[Stored data entries]
== == ==
lemma Rstar_coeff_has_derivative:
  "((\<lambda>t. Rstar_coeff \<theta> mu n t \<rho>) has_real_derivative
     mu * (\<theta> * (if \<rho> = 0 then 0 else Rstar_coeff \<theta> mu n t (\<rho> - 1))
           - (\<theta> + real n - real \<rho>) * Rstar_coeff \<theta> mu n t \<rho>)) (at t)"
proof (cases \<rho>)
  case 0
  then show ?thesis
    unfolding Rstar_coeff_def by (auto intro!: derivative_eq_intros simp: algebra_simps)
next
  case (Suc r)
  define E where "E = exp (-(\<theta> + real n) * mu * t)"
  define b where "b = \<theta> * (exp (mu * t) - 1)"
  have dE: "((\<lambda>t. exp (-(\<theta> + real n) * mu * t)) has_real_derivative -(\<theta> + real n) * mu * E) (at t)"
    unfolding E_def by (auto intro!: derivative_eq_intros)
  \<comment> \<open>writing b' as mu (theta + b) is what closes the recursion between consecutive coefficients\<close>
  have db: "((\<lambda>t. \<theta> * (exp (mu * t) - 1)) has_real_derivative mu * (\<theta> + b)) (at t)"
    unfolding b_def by (auto intro!: derivative_eq_intros simp: algebra_simps)
  have fact_Suc_r: "fact (Suc r) = (1 + real r) * (fact r :: real)"
    by (simp add: fact_Suc)
  have deriv: "((\<lambda>t. Rstar_coeff \<theta> mu n t (Suc r)) has_real_derivative
      (-(\<theta> + real n) * mu * E * b ^ Suc r + (1 + real r) * (mu * (\<theta> + b) * b ^ r) * E)
        / ((1 + real r) * fact r)) (at t)"
    using DERIV_cdivide[OF DERIV_mult[OF dE DERIV_power_Suc[OF db, of r]], of "fact (Suc r)"]
    unfolding Rstar_coeff_def E_def[symmetric] b_def[symmetric] fact_Suc_r .
  have quotient_eq: "(-(\<theta> + real n) * mu * E * b ^ Suc r + d * (mu * (\<theta> + b) * b ^ r) * E) / (d * F)
      = mu * (\<theta> * (E * b ^ r / F) - (\<theta> + real n - d) * (E * b ^ Suc r / (d * F)))"
    if "d > 0" "F > 0" for d F :: real
    using that by (simp add: field_simps power_Suc)
  have target: "mu * (\<theta> * (if Suc r = 0 then 0 else Rstar_coeff \<theta> mu n t (Suc r - 1))
        - (\<theta> + real n - real (Suc r)) * Rstar_coeff \<theta> mu n t (Suc r))
      = mu * (\<theta> * (E * b ^ r / fact r) - (\<theta> + real n - (1 + real r)) * (E * b ^ Suc r / ((1 + real r) * fact r)))"
    by (simp add: Rstar_coeff_def E_def b_def fact_Suc_r)
  have "1 + real r > 0"
    by simp
  then show ?thesis
    unfolding Suc target by (rule DERIV_cong[OF deriv quotient_eq[OF _ fact_gt_zero]])
qed

lemma generator_Rstar_basis:
  assumes "\<theta> > 0" "\<rho> \<le> n"
  shows "generator (\<theta> * mu) mu (Rstar_basis \<theta> n \<rho>) x
    = mu * (\<theta> * (if \<rho> < n then Rstar_basis \<theta> n (Suc \<rho>) x else 0)
            - (\<theta> + real (n - \<rho>)) * Rstar_basis \<theta> n \<rho> x)"
proof -
  have "generator (\<theta> * mu) mu (Rstar_basis \<theta> n \<rho>) x
      = mu * (\<theta> * (if Suc x = n - \<rho> then 1 else 0) - real (n - \<rho>) * (if n - \<rho> \<le> x then 1 else 0))"
    unfolding Rstar_basis_def generator_diff generator_const generator_indicator_atLeast
    by (simp add: algebra_simps)
  also have "\<dots> = mu * (\<theta> * (if \<rho> < n then Rstar_basis \<theta> n (Suc \<rho>) x else 0)
            - (\<theta> + real (n - \<rho>)) * Rstar_basis \<theta> n \<rho> x)"
  proof (cases "\<rho> = n")
    case True
    then show ?thesis
      by (simp add: Rstar_basis_def stationary_tail_def)
  next
    case False
    then obtain j where j: "n - \<rho> = Suc j" "n - Suc \<rho> = j"
      using assms(2) by (metis Suc_diff_Suc diff_Suc_1 le_neq_implies_less)
    show ?thesis
      using stationary_tail_Suc[OF assms(1), of j] False assms(2)
      unfolding Rstar_basis_def j
      by (cases "Suc j \<le> x"; cases "x = j") (auto simp: algebra_simps)
  qed
  finally show ?thesis .
qed

lemma Rstar_has_derivative:
  assumes "\<theta> > 0"
  shows "((\<lambda>t. Rstar \<theta> mu t x n) has_real_derivative generator (\<theta> * mu) mu (\<lambda>k. Rstar \<theta> mu t k n) x) (at t)"
proof -
  define a where "a \<rho> = Rstar_coeff \<theta> mu n t \<rho>" for \<rho>
  define d where "d \<rho> = Rstar_basis \<theta> n \<rho> x" for \<rho>
  have "((\<lambda>t. Rstar \<theta> mu t x n) has_real_derivative
      (\<Sum>\<rho>\<le>n. mu * (\<theta> * (if \<rho> = 0 then 0 else a (\<rho> - 1)) - (\<theta> + real n - real \<rho>) * a \<rho>) * d \<rho>)) (at t)"
    unfolding Rstar_expand a_def d_def
    by (auto intro!: derivative_eq_intros Rstar_coeff_has_derivative)
  also have "(\<Sum>\<rho>\<le>n. mu * (\<theta> * (if \<rho> = 0 then 0 else a (\<rho> - 1)) - (\<theta> + real n - real \<rho>) * a \<rho>) * d \<rho>)
      = mu * (\<theta> * (\<Sum>\<rho><n. a \<rho> * d (Suc \<rho>)) - (\<Sum>\<rho>\<le>n. (\<theta> + real (n - \<rho>)) * a \<rho> * d \<rho>))"
    by (simp add: sum.atMost_shift sum.distrib sum_subtractf sum_distrib_left of_nat_diff algebra_simps)
  also have "\<dots> = (\<Sum>\<rho>\<le>n. a \<rho> * (mu * (\<theta> * (if \<rho> < n then d (Suc \<rho>) else 0) - (\<theta> + real (n - \<rho>)) * d \<rho>)))"
    by (simp add: lessThan_Suc_atMost[symmetric] sum.distrib sum_subtractf sum_distrib_left algebra_simps)
  also have "\<dots> = (\<Sum>\<rho>\<le>n. a \<rho> * generator (\<theta> * mu) mu (Rstar_basis \<theta> n \<rho>) x)"
    by (intro sum.cong refl) (simp add: d_def generator_Rstar_basis[OF assms])
  also have "\<dots> = generator (\<theta> * mu) mu (\<lambda>k. Rstar \<theta> mu t k n) x"
    unfolding Rstar_expand a_def generator_affine[where b = 1, simplified] generator_sum
    by (simp add: generator_affine[where a = 0, simplified])
  finally show ?thesis .
qed

lemma Rstar_at_0: "Rstar \<theta> mu 0 x n = (if n \<le> x then 1 else 0)"
  by (simp add: Rstar_def atLeast0AtMost sum.atMost_shift)

lemma Rstar_bounded:
  assumes "\<theta> > 0" "mu \<ge> 0"
  shows "\<exists>C. \<forall>t\<in>{0..T}. \<forall>x. \<bar>Rstar \<theta> mu t x n\<bar> \<le> C"
proof -
  define B where "B \<rho> = (\<theta> * (exp (mu * T) - 1)) ^ \<rho> / fact \<rho> * (1 + \<bar>stationary_tail \<theta> (n - \<rho>)\<bar>)" for \<rho>
  have "\<bar>Rstar_coeff \<theta> mu n t \<rho> * Rstar_basis \<theta> n \<rho> x\<bar> \<le> B \<rho>" if "t \<in> {0..T}" for t x \<rho>
  proof -
    have "0 \<le> (\<theta> + real n) * mu * t"
      using that assms by simp
    then have E: "exp (-(\<theta> + real n) * mu * t) \<le> 1"
      by (simp only: mult_minus_left exp_le_one_iff neg_le_0_iff_le)
    have b: "0 \<le> \<theta> * (exp (mu * t) - 1)" "\<theta> * (exp (mu * t) - 1) \<le> \<theta> * (exp (mu * T) - 1)"
      using that assms by (simp_all add: mult_left_mono)
    have "exp (-(\<theta> + real n) * mu * t) * (\<theta> * (exp (mu * t) - 1)) ^ \<rho>
        \<le> 1 * (\<theta> * (exp (mu * T) - 1)) ^ \<rho>"
      by (rule mult_mono[OF E power_mono[OF b(2) b(1)]]) (simp_all add: b(1))
    then have "\<bar>Rstar_coeff \<theta> mu n t \<rho>\<bar> \<le> (\<theta> * (exp (mu * T) - 1)) ^ \<rho> / fact \<rho>"
      using b(1) by (simp add: Rstar_coeff_def divide_right_mono)
    moreover have "\<bar>Rstar_basis \<theta> n \<rho> x\<bar> \<le> 1 + \<bar>stationary_tail \<theta> (n - \<rho>)\<bar>"
      unfolding Rstar_basis_def by (simp add: abs_le_iff abs_if)
    ultimately show ?thesis
      unfolding B_def abs_mult by (intro mult_mono) auto
  qed
  then have "\<bar>Rstar \<theta> mu t x n\<bar> \<le> \<bar>stationary_tail \<theta> n\<bar> + (\<Sum>\<rho>\<le>n. B \<rho>)" if "t \<in> {0..T}" for t x
    unfolding Rstar_expand using that
    by (intro order_trans[OF abs_triangle_ineq] add_left_mono order_trans[OF sum_abs] sum_mono) auto
  then show ?thesis
    by blast
qed

lemma bounded_backward_solution_Rstar:
  assumes "\<theta> > 0" "mu \<ge> 0"
  shows "bounded_backward_solution (\<theta> * mu) mu (\<lambda>t x. 1 - Rstar \<theta> mu t x n)"
  unfolding bounded_backward_solution_def
proof (intro conjI allI impI)
  have deriv: "((\<lambda>t. 1 - Rstar \<theta> mu t x n) has_real_derivative
      generator (\<theta> * mu) mu (\<lambda>k. 1 - Rstar \<theta> mu t k n) x) (at t)" for t x
    using DERIV_diff[OF DERIV_const Rstar_has_derivative[OF assms(1)]]
      generator_affine[where a = 1 and b = "-1"] by simp
  show "continuous_on {0..} (\<lambda>t. 1 - Rstar \<theta> mu t x n)" for x
    using deriv by (intro continuous_at_imp_continuous_on ballI DERIV_isCont) blast
  show "((\<lambda>s. 1 - Rstar \<theta> mu s x n) has_real_derivative
      generator (\<theta> * mu) mu (\<lambda>x. 1 - Rstar \<theta> mu t x n) x) (at_right t)" for t x
    using deriv by (rule has_field_derivative_at_within)
  show "\<exists>C. \<forall>t\<in>{0..T}. \<forall>x. \<bar>1 - Rstar \<theta> mu t x n\<bar> \<le> C" for T
  proof -
    obtain C where "\<forall>t\<in>{0..T}. \<forall>x. \<bar>Rstar \<theta> mu t x n\<bar> \<le> C"
      using Rstar_bounded[OF assms] by blast
    then have "\<forall>t\<in>{0..T}. \<forall>x. \<bar>1 - Rstar \<theta> mu t x n\<bar> \<le> 1 + C"
      by (fastforce intro: order_trans[OF abs_triangle_ineq4])
    then show ?thesis ..
  qed
qed

section \<open>Transition functions\<close>

context
  fixes P :: "real \<Rightarrow> nat \<Rightarrow> nat \<Rightarrow> real"
  assumes P: "transition_function P"
begin

lemma transition_nonneg: "t \<ge> 0 \<Longrightarrow> 0 \<le> P t x y"
  using P by (simp add: transition_function_def)

lemma transition_summable: "t \<ge> 0 \<Longrightarrow> summable (P t x)"
  using P by (simp add: transition_function_def)

lemma transition_suminf_le_1: "t \<ge> 0 \<Longrightarrow> (\<Sum>y. P t x y) \<le> 1"
  using P by (simp add: transition_function_def)

lemma transition_at_0: "P 0 x y = (if x = y then 1 else 0)"
  using P by (simp add: transition_function_def)

lemma transition_Chapman_Kolmogorov:
  "s \<ge> 0 \<Longrightarrow> t \<ge> 0 \<Longrightarrow> P (s + t) x y = (\<Sum>k. P s x k * P t k y)"
  using P by (simp add: transition_function_def)

lemma transition_diag_tendsto: "((\<lambda>t. P t x x) \<longlongrightarrow> 1) (at_right 0)"
  using P by (simp add: transition_function_def)

lemma transition_le_1:
  assumes "t \<ge> 0"
  shows "P t x y \<le> 1"
proof -
  have "(\<Sum>y'\<in>{y}. P t x y') \<le> (\<Sum>y'. P t x y')"
    using assms by (intro sum_le_suminf transition_summable transition_nonneg) auto
  then show ?thesis
    using transition_suminf_le_1[OF assms, of x] by simp
qed

lemma summable_transition_weighted:
  assumes "t \<ge> 0" "\<And>k. 0 \<le> \<phi> k" "\<And>k. \<phi> k \<le> 1"
  shows "summable (\<lambda>k. P t x k * \<phi> k)"
  by (rule summable_comparison_test'[OF transition_summable[OF assms(1), of x], of 0])
    (use assms transition_nonneg in \<open>auto simp: abs_mult intro: mult_left_le\<close>)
== == ==
> **Task to complete**:
The lines to return are those in the entries above that hold "define".

> **Exercise result**:
  define E where "E = exp (-(\<theta> + real n) * mu * t)"
  define b where "b = \<theta> * (exp (mu * t) - 1)"
  define a where "a \<rho> = Rstar_coeff \<theta> mu n t \<rho>" for \<rho>
  define d where "d \<rho> = Rstar_basis \<theta> n \<rho> x" for \<rho>
  define B where "B \<rho> = (\<theta> * (exp (mu * T) - 1)) ^ \<rho> / fact \<rho> * (1 + \<bar>stationary_tail \<theta> (n - \<rho>)\<bar>)" for \<rho>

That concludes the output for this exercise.